Author : Gerald Horne
Publisher : University of Hawaii Press
Page : 473 pages
File Size : 18,62 MB
Release : 2011-07-31
Category : History
ISBN : 0824860217
Powerful labor movements played a critical role in shaping modern Hawaii, beginning in the 1930s, when International Longshore and Warehousemen’s Union (ILWU) representatives were dispatched to the islands to organize plantation and dock laborers. They were stunned by the feudal conditions they found in Hawaii, where the majority of workers—Hawaiian, Japanese, Chinese, and Filipino in origin—were routinely subjected to repression and racism at the hands of white bosses.
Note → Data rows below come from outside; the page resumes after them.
text \<open>A rotation only breaks the edge at its new endpoint, which lies in \<open>EP H P\<close>.\<close>

lemma rotations_invariant:
  assumes sym: "\<And>x y. H x y = H y x" and lp: "longest_path H n P"
    and r: "(rotation H)\<^sup>*\<^sup>* P Q"
  shows "longest_path H n Q \<and> length Q = length P \<and> set Q = set P \<and> hd Q = hd P \<and>
     (\<forall>a b. path_adjacent P a b \<and> a \<notin> EP H P \<and> b \<notin> EP H P \<longrightarrow> path_adjacent Q a b)"
  using r
proof (induction rule: rtranclp_induct)
  case base
  then show ?case using lp by simp
next
  case (step Q Q')
  obtain i where i: "i + 2 < length Q" and Q': "Q' = rotate_at i Q"
    using step.hyps(2) by (auto simp: rotation_def)
  have "last Q' \<in> EP H P" unfolding EP_def using step.hyps by (simp add: rtranclp.rtrancl_into_rtrancl)
  then have "Q ! Suc i \<in> EP H P" using last_rotate_at[OF i] Q' by simp
  then have "path_adjacent Q' a b"
    if "path_adjacent P a b" "a \<notin> EP H P" "b \<notin> EP H P" for a b
  proof -
    have "path_adjacent Q a b" using step.IH that by blast
    then show ?thesis using path_adjacent_rotate_at[OF i] that \<open>Q ! Suc i \<in> EP H P\<close> Q' by metis
  qed
  then show ?case using longest_path_rotation[OF sym _ step.hyps(2)] step.IH by auto
qed

lemma EP_subset_set:
  assumes sym: "\<And>x y. H x y = H y x" and lp: "longest_path H n P"
  shows "EP H P \<subseteq> set P"
proof
  fix x assume "x \<in> EP H P"
  then obtain Q where r: "(rotation H)\<^sup>*\<^sup>* P Q" and x: "x = last Q" by (auto simp: EP_def)
  have "set Q = set P" "Q \<noteq> []"
    using rotations_invariant[OF sym lp r] by (auto simp: longest_path_def is_path_def)
  then show "x \<in> set P" using x by auto
qed

lemma rotation_endpoint_successor_in_EP:
  assumes sym: "\<And>x y. H x y = H y x" and lp: "longest_path H n P"
    and r: "(rotation H)\<^sup>*\<^sup>* P Q" and w: "w < n" "w \<notin> EP H P" and e: "H (last Q) w"
  obtains j where "Suc j < length Q" "Q ! j = w" "Q ! Suc j \<in> EP H P"
proof -
  have Q: "longest_path H n Q" "length Q = length P"
    using rotations_invariant[OF sym lp r] by auto
  then have Qp: "is_path H n Q" by (simp add: longest_path_def)
  have lastQ: "last Q \<in> EP H P" using r by (auto simp: EP_def)
  have "w \<in> set Q"
  proof (rule ccontr)
    assume "w \<notin> set Q"
    then have "is_path H n (Q @ [w])" using Qp w e
      by (auto simp: is_path_def nth_append last_conv_nth less_Suc_eq) (metis diff_Suc_1 One_nat_def)
    then show False using lp Q by (auto simp: longest_path_def)
  qed
  then obtain j where j: "j < length Q" and wj: "Q ! j = w" by (auto simp: in_set_conv_nth)
  have "w \<noteq> last Q" using w lastQ by auto
  then have j1: "Suc j < length Q" using j wj by (metis Suc_lessI last_conv_nth diff_Suc_1 list.size(3) not_less0)
  have "Q ! Suc j \<in> EP H P"
  proof (cases "j + 2 < length Q")
    case True
    \<comment> \<open>rotating at the edge \<open>{last Q, w}\<close> makes the successor of \<open>w\<close> an endpoint\<close>
    have "rotation H Q (rotate_at j Q)" unfolding rotation_def using True e wj by auto
    then have "last (rotate_at j Q) \<in> EP H P" using r by (auto simp: EP_def)
    then show ?thesis using last_rotate_at[OF True] by simp
  next
    case False
    then have "Suc j = length Q - 1" using j1 by simp
    moreover have "Q \<noteq> []" using j1 by auto
    ultimately show ?thesis using lastQ by (simp add: last_conv_nth)
  qed
  then show ?thesis using that j1 wj by blast
qed

definition path_nbhd :: "'a list \<Rightarrow> 'a set \<Rightarrow> 'a set" where
  "path_nbhd P R = {P ! (m - 1) | m. 0 < m \<and> m < length P \<and> P ! m \<in> R}
                 \<union> {P ! Suc m | m. Suc m < length P \<and> P ! m \<in> R}"

lemma card_path_nbhd_le:
  assumes "distinct P"
  shows "card (path_nbhd P R) \<le> 2 * card (R \<inter> set P)"
proof -
  define I where "I = {m. m < length P \<and> P ! m \<in> R}"
  have fin: "finite I" by (simp add: I_def)
  have "card I \<le> card (R \<inter> set P)"
    using assms by (intro card_inj_on_le[where f = "(!) P"])
      (auto simp: I_def inj_on_def nth_eq_iff_index_eq)
  have "path_nbhd P R \<subseteq> (\<lambda>m. P ! (m - 1)) ` I \<union> (\<lambda>m. P ! Suc m) ` I"
    by (auto simp: path_nbhd_def I_def)
  then have "card (path_nbhd P R) \<le> card ((\<lambda>m. P ! (m - 1)) ` I) + card ((\<lambda>m. P ! Suc m) ` I)"
    using fin by (meson card_Un_le card_mono finite_UnI finite_imageI order_trans)
  also have "\<dots> \<le> card I + card I" using fin by (intro add_mono card_image_le)
  finally show ?thesis using \<open>card I \<le> _\<close> by linarith
qed

lemma neighbour_of_EP_in_path_nbhd:
  assumes sym: "\<And>x y. H x y = H y x" and lp: "longest_path H n P"
    and w: "w < n" "w \<notin> EP H P" and u: "u \<in> EP H P" and uw: "H u w"
  shows "w \<in> path_nbhd P (EP H P)"
proof (rule ccontr)
  let ?R = "EP H P"
  assume nw: "w \<notin> path_nbhd P ?R"
  obtain Q where r: "(rotation H)\<^sup>*\<^sup>* P Q" and uQ: "u = last Q" using u by (auto simp: EP_def)
  have Q: "length Q = length P" "set Q = set P" "hd Q = hd P" "is_path H n Q"
    and adj: "\<And>a b. path_adjacent P a b \<Longrightarrow> a \<notin> ?R \<Longrightarrow> b \<notin> ?R \<Longrightarrow> path_adjacent Q a b"
    using rotations_invariant[OF sym lp r] by (auto simp: longest_path_def)
  have dQ: "distinct Q" and dP: "distinct P" and Pne: "P \<noteq> []"
    using Q(4) lp by (auto simp: is_path_def longest_path_def)
  obtain j where j: "Suc j < length Q" and wj: "Q ! j = w" and sR: "Q ! Suc j \<in> ?R"
    using rotation_endpoint_successor_in_EP[OF sym lp r w] uw uQ by metis
  obtain m where m: "m < length P" and wm: "P ! m = w"
    using j wj Q(2) by (metis Suc_lessD in_set_conv_nth nth_mem)
  \<comment> \<open>a \<open>P\<close>-neighbour of \<open>w\<close> outside \<open>?R\<close> stays \<open>Q\<close>-adjacent to \<open>w\<close>; as the
    \<open>Q\<close>-successor of \<open>w\<close> lies in \<open>?R\<close>, it must be the \<open>Q\<close>-predecessor\<close>
  have Qpred: "0 < j \<and> x = Q ! (j - 1)" if "path_adjacent P w x" "x \<notin> ?R" for x
    using path_adjacent_nth_cases[OF dQ _ adj[OF that(1) w(2) that(2), folded wj]] j sR that(2)
    by fastforce
  have "last P \<in> ?R" by (auto simp: EP_def)
  then have m1: "Suc m < length P" using m wm w(2) Pne by (metis Suc_lessI diff_Suc_1 last_conv_nth)
  have "P ! Suc m \<notin> ?R" using nw m1 wm unfolding path_nbhd_def by force
  moreover have "path_adjacent P w (P ! Suc m)" unfolding path_adjacent_def using m1 wm by auto
  ultimately have j0: "0 < j" and succ: "P ! Suc m = Q ! (j - 1)" using Qpred by auto
  show False
  proof (cases "m = 0")
    case True
    moreover have "Q \<noteq> []" using j by auto
    ultimately have "Q ! 0 = Q ! j" using Q(3) Pne wm wj by (simp add: hd_conv_nth)
    moreover have "0 < length Q" "j < length Q" using j by auto
    ultimately have "0 = j" using nth_eq_iff_index_eq[OF dQ] by blast
    then show False using j0 by simp
  next
    case False
    have "P ! (m - 1) \<notin> ?R" using nw m False wm unfolding path_nbhd_def by force
    moreover have "path_adjacent P w (P ! (m - 1))" unfolding path_adjacent_def using m wm False
      by (intro exI[of _ "m - 1"]) auto
    ultimately have "P ! (m - 1) = P ! Suc m" using Qpred succ by auto
    then show False using dP m1 by (simp add: nth_eq_iff_index_eq)
  qed
qed

definition outer_nbhd :: "(nat \<Rightarrow> nat \<Rightarrow> bool) \<Rightarrow> nat \<Rightarrow> nat set \<Rightarrow> nat set" where
  "outer_nbhd H n S = {w. w < n \<and> w \<notin> S \<and> (\<exists>u\<in>S. H u w)}"

definition expands :: "(nat \<Rightarrow> nat \<Rightarrow> bool) \<Rightarrow> nat \<Rightarrow> real \<Rightarrow> bool" where
  "expands H n \<alpha> \<longleftrightarrow> (\<forall>S. S \<subseteq> {..<n} \<and> S \<noteq> {} \<and> real (card S) \<le> \<alpha> * real n \<longrightarrow>
      2 * card S < card (outer_nbhd H n S))"

lemma card_EP_gt_if_expands:
  assumes sym: "\<And>x y. H x y = H y x" and ex: "expands H n \<alpha>" and lp: "longest_path H n P"
  shows "real (card (EP H P)) > \<alpha> * real n"
proof (rule ccontr)
  let ?R = "EP H P"
  assume "\<not> real (card ?R) > \<alpha> * real n"
  moreover have RP: "?R \<subseteq> set P" by (rule EP_subset_set[OF sym lp])
  moreover have "?R \<noteq> {}" by (auto simp: EP_def)
  moreover have "set P \<subseteq> {..<n}" using lp by (simp add: longest_path_def is_path_def)
  ultimately have "2 * card ?R < card (outer_nbhd H n ?R)"
    using ex unfolding expands_def by (meson not_less order_trans)
  also have "\<dots> \<le> card (path_nbhd P ?R)"
  proof (rule card_mono)
    show "finite (path_nbhd P ?R)" by (rule finite_subset[of _ "set P"]) (auto simp: path_nbhd_def)
    show "outer_nbhd H n ?R \<subseteq> path_nbhd P ?R"
      using neighbour_of_EP_in_path_nbhd[OF sym lp] by (auto simp: outer_nbhd_def)
  qed
  also have "\<dots> \<le> 2 * card ?R"
    using card_path_nbhd_le[of P ?R] lp RP by (simp add: longest_path_def is_path_def Int_absorb2)
  finally show False by simp
qed

lemma longest_path_rev:
  assumes sym: "\<And>x y. H x y = H y x" and lp: "longest_path H n P"
  shows "longest_path H n (rev P)"
proof -
  have Pp: "is_path H n P" using lp by (simp add: longest_path_def)
  have "H (rev P ! i) (rev P ! Suc i)" if "Suc i < length P" for i
  proof -
    have "H (P ! (length P - Suc (Suc i))) (P ! Suc (length P - Suc (Suc i)))"
      using Pp that by (simp add: is_path_def)
    moreover have "Suc (length P - Suc (Suc i)) = length P - Suc i" using that by simp
    ultimately show ?thesis using that sym by (simp add: rev_nth)
  qed
  then have "is_path H n (rev P)" using Pp by (auto simp: is_path_def)
  then show ?thesis using lp by (simp add: longest_path_def)
qed

lemma green_graph_sym: "green_graph \<omega> x y = green_graph \<omega> y x"
  by (auto simp: green_graph_def)

lemma card_EP_gt_if_green_expands:
  assumes "expands (green_graph \<omega>) n \<alpha>" "longest_path (green_graph \<omega>) n P"
  shows "real (card (EP (green_graph \<omega>) P)) > \<alpha> * real n \<and>
         real (card (EP (green_graph \<omega>) (rev P))) > \<alpha> * real n"
  using assms card_EP_gt_if_expands[of "green_graph \<omega>", OF green_graph_sym]
    longest_path_rev[of "green_graph \<omega>", OF green_graph_sym]
  by blast

section \<open>Green arcs of a single vertex\<close>

definition green_within :: "nat \<Rightarrow> nat set \<Rightarrow> (nat set \<times> nat) set" where
  "green_within n T = {(S, b). \<forall>y\<in>S - {b}. y < n \<longrightarrow> y \<in> T}"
The wartime civil liberties crackdown brought union organizing to a halt; but as the war wound down, Hawaii workers’ frustrations boiled over, leading to an explosive success in the forming of unions. During the 1950s, just as the ILWU began a series of successful strikes and organizing drives, the union came under McCarthyite attacks and persecution. In the midst of these allegations, Hawaii’s bid for statehood was being challenged by powerful voices in Washington who claimed that admitting Hawaii to the union would be tantamount to giving the Kremlin two votes in the U.S. Senate, while Jim Crow advocates worried that Hawaii’s representatives would be enthusiastic supporters of pro–civil rights legislation. Hawaii’s extensive social welfare system and the continuing power of unions to shape the state politically are a direct result of those troubled times. Based on exhaustive archival research in Hawaii, California, Washington, and elsewhere, Gerald Horne’s gripping story of Hawaii workers’ struggle to unionize reads like a suspense novel as it details for the first time how radicalism and racism helped shape Hawaii in the twentieth century.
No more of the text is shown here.